__Instructions to follow__.
Where does the string "from" appear in the records? Copy every line that contains it.

-*-*-

lemma computes_digit_parity_count_rf:
  "computes 1 (digit_parity_count_rf d c e) (\<lambda>xs. digit_parity_count d c e (xs ! 0))"
proof -
  have "computes 2 (digit_parity_rf d c e)
      (\<lambda>xs. if even (xs ! 0) = e \<and> xs ! 1 div d ^ xs ! 0 mod d = c then 1 else 0)"
    unfolding digit_parity_rf_def
    by (rule computes_cong[OF computes_Cn2[OF computes_mul_rf
          computes_Cn2[OF computes_eq_rf computes_Cn1[OF computes_mod_rf computes_Id] computes_const_rf]
          computes_Cn2[OF computes_eq_rf computes_digit_rf computes_const_rf]]])
      (auto simp: even_iff_mod_2_eq_zero)
  from computes_Cn2[OF computes_sum_rf[OF this] computes_Id computes_Id] show ?thesis
    unfolding digit_parity_count_rf_def digit_parity_count_def by (rule computes_cong) simp_all
qed

definition "balanced_digit_rf c =
  Cn eq_rf [digit_parity_count_rf 4 c True, digit_parity_count_rf 4 c False]"

definition "word_problem_rf =
  Cn mul_rf [balanced_digit_rf 1, Cn mul_rf [balanced_digit_rf 2, balanced_digit_rf 3]]"

lemma computes_word_problem_rf:
  "computes 1 word_problem_rf (\<lambda>xs. if \<forall>c\<in>{1, 2, 3}.
     digit_parity_count 4 c True (xs ! 0) = digit_parity_count 4 c False (xs ! 0) then 1 else 0)"
proof -
  have "computes 1 (balanced_digit_rf c) (\<lambda>xs.
      if digit_parity_count 4 c True (xs ! 0) = digit_parity_count 4 c False (xs ! 0) then 1 else 0)" for c
    unfolding balanced_digit_rf_def
    by (rule computes_cong[OF computes_Cn2[OF computes_eq_rf
          computes_digit_parity_count_rf computes_digit_parity_count_rf]]) simp
  from computes_Cn2[OF computes_mul_rf this computes_Cn2[OF computes_mul_rf this this]] show ?thesis
    unfolding word_problem_rf_def by (rule computes_cong) simp
qed

lemma gen_code_eq_iff: "gen_code x = gen_code y \<longleftrightarrow> x = y"
  by (cases x; cases y) simp_all
(* An $S$-claw $\mathcal{F}=(f_s:I_s\to[n]\mid s\in S)$ in $\Delta$ is strongly biCartesian if and only if it is compatible.
   Context: $\Delta$: simplex category of nonempty finite linear orders $[n]$ and weakly monotone maps. An $S$-claw on $[n]$ ($S$ finite) is a family of morphisms $f_s:I_s\to[n]$. It is strongly biCartesian if it extends to an $S$-cube $Q:\mathcal{P}(S)^{\mathrm{op}}\to\Delta$ ($\mathcal{P}(S)$ the subset poset) with $Q(\emptyset)=[n]$, $Q(\{s\})\to Q(\emptyset)$ equal to $f_s$, such that every square $Q(T\cup\{s,s'\})\to Q(T\cup\{s\}),Q(T\cup\{s'\})\to Q(T)$ ($s\neq s'\notin T$) is both a pullback and a pushout in $\Delta$. It is compatible if (BC1) for each $i\in[n]$ at most one $s$ has $f_s^{-1}\{i\}$ not a singleton, and (BC2) for each $0<i\le n$ at most one $s$ has $\{i-1,i\}\not\subseteq f_s(I_s)$. *)

theory Defs
  imports Main
begin

text \<open>The object [n] is represented by the natural number n,
  standing for the linear order {0..n}. A morphism [m] \<rightarrow> [n] is a function
  nat \<Rightarrow> nat that is weakly monotone on {0..m} and maps {0..m} into {0..n};
  values outside {0..m} are irrelevant, so equality of morphisms [m] \<rightarrow> [n] is
  pointwise equality on {0..m}.\<close>

definition dhom :: "nat \<Rightarrow> nat \<Rightarrow> (nat \<Rightarrow> nat) \<Rightarrow> bool" where
  "dhom m n f \<longleftrightarrow> (\<forall>i\<le>m. f i \<le> n) \<and> (\<forall>i j. i \<le> j \<longrightarrow> j \<le> m \<longrightarrow> f i \<le> f j)"

definition deq :: "nat \<Rightarrow> (nat \<Rightarrow> nat) \<Rightarrow> (nat \<Rightarrow> nat) \<Rightarrow> bool" where
  "deq m f g \<longleftrightarrow> (\<forall>i\<le>m. f i = g i)"

definition is_pullback ::
  "nat \<Rightarrow> nat \<Rightarrow> nat \<Rightarrow> nat \<Rightarrow> (nat \<Rightarrow> nat) \<Rightarrow> (nat \<Rightarrow> nat) \<Rightarrow> (nat \<Rightarrow> nat) \<Rightarrow> (nat \<Rightarrow> nat) \<Rightarrow> bool" where
  "is_pullback A B C D a a' g h \<longleftrightarrow>
     (\<forall>k u v. dhom k B u \<longrightarrow> dhom k C v \<longrightarrow> deq k (g \<circ> u) (h \<circ> v) \<longrightarrow>
        (\<exists>w. dhom k A w \<and> deq k (a \<circ> w) u \<and> deq k (a' \<circ> w) v) \<and>
        (\<forall>w w'. dhom k A w \<longrightarrow> deq k (a \<circ> w) u \<longrightarrow> deq k (a' \<circ> w) v \<longrightarrow>
                dhom k A w' \<longrightarrow> deq k (a \<circ> w') u \<longrightarrow> deq k (a' \<circ> w') v \<longrightarrow> deq k w w'))"

definition is_pushout ::
  "nat \<Rightarrow> nat \<Rightarrow> nat \<Rightarrow> nat \<Rightarrow> (nat \<Rightarrow> nat) \<Rightarrow> (nat \<Rightarrow> nat) \<Rightarrow> (nat \<Rightarrow> nat) \<Rightarrow> (nat \<Rightarrow> nat) \<Rightarrow> bool" where
  "is_pushout A B C D a a' g h \<longleftrightarrow>
     (\<forall>k u v. dhom B k u \<longrightarrow> dhom C k v \<longrightarrow> deq A (u \<circ> a) (v \<circ> a') \<longrightarrow>
        (\<exists>w. dhom D k w \<and> deq B (w \<circ> g) u \<and> deq C (w \<circ> h) v) \<and>
        (\<forall>w w'. dhom D k w \<longrightarrow> deq B (w \<circ> g) u \<longrightarrow> deq C (w \<circ> h) v \<longrightarrow>
                dhom D k w' \<longrightarrow> deq B (w' \<circ> g) u \<longrightarrow> deq C (w' \<circ> h) v \<longrightarrow> deq D w w'))"
definition inner_product_on :: "'a::cvec set \<Rightarrow> ('a \<Rightarrow> 'a \<Rightarrow> complex) \<Rightarrow> bool" where
  "inner_product_on V ip \<longleftrightarrow> csubspace_on V \<and>
     (\<forall>x\<in>V. \<forall>y\<in>V. \<forall>z\<in>V. ip (x + y) z = ip x z + ip y z) \<and>
     (\<forall>a. \<forall>x\<in>V. \<forall>y\<in>V. ip (cscale a x) y = a * ip x y) \<and>
     (\<forall>x\<in>V. \<forall>y\<in>V. ip y x = cnj (ip x y)) \<and>
     (\<forall>x\<in>V. 0 \<le> Re (ip x x)) \<and>
     (\<forall>x\<in>V. ip x x = 0 \<longrightarrow> x = 0)"

definition ipnorm :: "('a \<Rightarrow> 'a \<Rightarrow> complex) \<Rightarrow> 'a \<Rightarrow> real" where
  "ipnorm ip x = sqrt (Re (ip x x))"

definition complete_on :: "'a::cvec set \<Rightarrow> ('a \<Rightarrow> real) \<Rightarrow> bool" where
  "complete_on V nrm \<longleftrightarrow> (\<forall>s. (\<forall>n. s n \<in> V) \<longrightarrow>
      (\<forall>e>0. \<exists>N. \<forall>m\<ge>N. \<forall>n\<ge>N. nrm (s m - s n) < e) \<longrightarrow>
      (\<exists>l\<in>V. (\<lambda>n. nrm (s n - l)) \<longlonglongrightarrow> 0))"

definition dense_wrt :: "('a::cvec \<Rightarrow> real) \<Rightarrow> 'a set \<Rightarrow> 'a set \<Rightarrow> bool" where
  "dense_wrt nrm S V \<longleftrightarrow> (\<forall>x\<in>V. \<forall>e>0. \<exists>s\<in>S. nrm (x - s) < e)"

definition separable_on :: "'a::cvec set \<Rightarrow> ('a \<Rightarrow> real) \<Rightarrow> bool" where
  "separable_on V nrm \<longleftrightarrow> (\<exists>D. D \<subseteq> V \<and> countable D \<and> dense_wrt nrm D V)"

definition hilbert_on :: "'a::cvec set \<Rightarrow> ('a \<Rightarrow> 'a \<Rightarrow> complex) \<Rightarrow> bool" where
  "hilbert_on V ip \<longleftrightarrow> inner_product_on V ip \<and> complete_on V (ipnorm ip)"

definition adj_dom :: "('a \<Rightarrow> 'a \<Rightarrow> complex) \<Rightarrow> 'a set \<Rightarrow> ('a \<Rightarrow> 'a) \<Rightarrow> 'a set" where
  "adj_dom ip D T = {v. \<exists>w. \<forall>u\<in>D. ip (T u) v = ip u w}"

definition adj_op :: "('a \<Rightarrow> 'a \<Rightarrow> complex) \<Rightarrow> 'a set \<Rightarrow> ('a \<Rightarrow> 'a) \<Rightarrow> 'a \<Rightarrow> 'a" where
  "adj_op ip D T v = (THE w. \<forall>u\<in>D. ip (T u) v = ip u w)"

definition closed_op :: "('a::cvec \<Rightarrow> real) \<Rightarrow> 'a set \<Rightarrow> ('a \<Rightarrow> 'a) \<Rightarrow> bool" where
  "closed_op nrm D T \<longleftrightarrow> (\<forall>s u w. (\<forall>n. s n \<in> D) \<longrightarrow> (\<lambda>n. nrm (s n - u)) \<longlonglongrightarrow> 0 \<longrightarrow>
      (\<lambda>n. nrm (T (s n) - w)) \<longlonglongrightarrow> 0 \<longrightarrow> u \<in> D \<and> T u = w)"

definition symmetric_op :: "('a \<Rightarrow> 'a \<Rightarrow> complex) \<Rightarrow> 'a set \<Rightarrow> ('a \<Rightarrow> 'a) \<Rightarrow> bool" where
  "symmetric_op ip D T \<longleftrightarrow> (\<forall>u\<in>D. \<forall>v\<in>D. ip (T u) v = ip u (T v))"

definition selfadjoint_op :: "('a::cvec \<Rightarrow> 'a \<Rightarrow> complex) \<Rightarrow> 'a set \<Rightarrow> ('a \<Rightarrow> 'a) \<Rightarrow> bool" where
  "selfadjoint_op ip D A \<longleftrightarrow> csubspace_on D \<and> clinear_on D A \<and> dense_wrt (ipnorm ip) D UNIV \<and>
     adj_dom ip D A = D \<and> (\<forall>v\<in>D. adj_op ip D A v = A v)"

definition graph_norm :: "('a \<Rightarrow> 'a \<Rightarrow> complex) \<Rightarrow> ('a \<Rightarrow> 'a) \<Rightarrow> 'a \<Rightarrow> real" where
  "graph_norm ip T u = sqrt ((ipnorm ip u)\<^sup>2 + (ipnorm ip (T u))\<^sup>2)"

section \<open>The antidual K' of K, realised as functions 'k => complex vanishing off K\<close>

definition antidual :: "'k::cvec set \<Rightarrow> ('k \<Rightarrow> real) \<Rightarrow> ('k \<Rightarrow> complex) set" where
  "antidual K nK = {f. (\<forall>x\<in>K. \<forall>y\<in>K. f (x + y) = f x + f y) \<and>
      (\<forall>a. \<forall>x\<in>K. f (cscale a x) = cnj a * f x) \<and>
      (\<exists>C. \<forall>x\<in>K. cmod (f x) \<le> C * nK x) \<and>
      (\<forall>x. x \<notin> K \<longrightarrow> f x = 0)}"

definition emb_dual :: "'k set \<Rightarrow> ('k \<Rightarrow> 'k \<Rightarrow> complex) \<Rightarrow> 'k \<Rightarrow> ('k \<Rightarrow> complex)" where
  "emb_dual K ipd y = (\<lambda>x. if x \<in> K then ipd y x else 0)"

definition gamma_zero :: "'a::cvec set \<Rightarrow> ('a \<Rightarrow> 'a) \<Rightarrow> ('a \<Rightarrow> 'k \<Rightarrow> complex) \<Rightarrow> ('k \<Rightarrow> complex) \<Rightarrow> 'a" where
  "gamma_zero Ds Ts G0 = inv_into {u\<in>Ds. Ts u = 0} G0"

definition weyl_zero :: "'a::cvec set \<Rightarrow> ('a \<Rightarrow> 'a) \<Rightarrow> ('a \<Rightarrow> 'k \<Rightarrow> complex) \<Rightarrow> ('a \<Rightarrow> 'k \<Rightarrow> complex) \<Rightarrow> ('k \<Rightarrow> complex) \<Rightarrow> ('k \<Rightarrow> complex)" where
  "weyl_zero Ds Ts G0 G1 phi = G1 (gamma_zero Ds Ts G0 phi)"

definition reduced_Gamma1 :: "'a::cvec set \<Rightarrow> ('a \<Rightarrow> 'a) \<Rightarrow> ('a \<Rightarrow> 'k \<Rightarrow> complex) \<Rightarrow> ('a \<Rightarrow> 'k \<Rightarrow> complex) \<Rightarrow> 'a \<Rightarrow> ('k \<Rightarrow> complex)" where
  "reduced_Gamma1 Ds Ts G0 G1 u = (\<lambda>x. G1 u x - weyl_zero Ds Ts G0 G1 (G0 u) x)"

end

theory Submission
  imports Defs
begin

(*
  Given \<phi> \<in> K' and x \<in> K, the element \<gamma>(0)\<phi> + v with v \<in> Ker \<gamma>\<^sub>0, \<gamma>\<^sub>1 v = x is mapped to (\<phi>, x),
  because the reduced operator \<Gamma>\<^sub>1 - M(0)\<Gamma>\<^sub>0 vanishes on Ker T\<^sup>*. The substance is that \<Gamma>\<^sub>0 maps
  Ker T\<^sup>* onto all of K'. The map \<gamma>\<^sub>1 A\<^sup>-\<^sup>1 : H\<^sub>0 \<rightarrow> K has closed graph: by the Lagrange identity,
  \<langle>\<gamma>\<^sub>0 w, \<gamma>\<^sub>1 A\<^sup>-\<^sup>1 f\<rangle>\<^sub>\<partial> = \<langle>w, f\<rangle> - \<langle>T\<^sup>* w, A\<^sup>-\<^sup>1 f\<rangle> is continuous in f, and K is dense in K\<^sup>\<partial>. By
  the closed graph theorem it is bounded, so f \<mapsto> \<phi>(\<gamma>\<^sub>1 A\<^sup>-\<^sup>1 f) has a Riesz representative u.
  Since \<gamma>\<^sub>1 vanishes on D(T) and A extends T, u is orthogonal to the range of T, i.e. u \<in> Ker T\<^sup>*.
  The Lagrange identity, extended from H\<^sub>1 to the domain of T\<^sup>* by graph-norm density, then
  gives \<Gamma>\<^sub>0 u = \<phi>.
*)

lemma cscale_zero_right [simp]: "cscale a (0::'a::cvec) = 0"
proof -
  have "cscale a 0 + cscale a 0 = cscale a (0::'a) + 0" by (simp flip: cscale_add_right)
  then show ?thesis by (rule add_left_imp_eq)
qed

lemma cscale_zero_left [simp]: "cscale 0 (x::'a::cvec) = 0"
proof -
  have "cscale 0 x + cscale 0 x = cscale 0 x + 0" by (simp flip: cscale_add_left)
  then show ?thesis by (rule add_left_imp_eq)
qed

lemma cscale_minus_left: "cscale (- a) (x::'a::cvec) = - cscale a x"
proof -
  have "cscale (- a) x + cscale a x = 0" by (simp flip: cscale_add_left)
  then show ?thesis by (simp add: eq_neg_iff_add_eq_0)
qed

lemma cscale_minus_one [simp]: "cscale (-1) (x::'a::cvec) = - x"
  by (simp only: cscale_minus_left cscale_one)

lemma cscale_minus_right: "cscale a (- (x::'a::cvec)) = - cscale a x"
proof -
  have "cscale a (- x) + cscale a x = 0" by (simp flip: cscale_add_right)
  then show ?thesis by (simp add: eq_neg_iff_add_eq_0)
qed

lemma cscale_diff_right: "cscale a ((x::'a::cvec) - y) = cscale a x - cscale a y"
  by (simp only: diff_conv_add_uminus cscale_add_right cscale_minus_right)

lemma cscale_two: "cscale 2 (x::'a::cvec) = x + x"
  using cscale_add_left[of 1 1 x] by (simp add: cscale_one)

lemma csubspace_zero: "csubspace_on V \<Longrightarrow> 0 \<in> V"
  by (simp add: csubspace_on_def)

lemma csubspace_add: "csubspace_on V \<Longrightarrow> x \<in> V \<Longrightarrow> y \<in> V \<Longrightarrow> x + y \<in> V"
  by (simp add: csubspace_on_def)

-*-*-

__Response area__.
  from computes_Cn2[OF computes_sum_rf[OF this] computes_Id computes_Id] show ?thesis
  from computes_Cn2[OF computes_mul_rf this computes_Cn2[OF computes_mul_rf this this]] show ?thesis
  The Lagrange identity, extended from H\<^sub>1 to the domain of T\<^sup>* by graph-norm density, then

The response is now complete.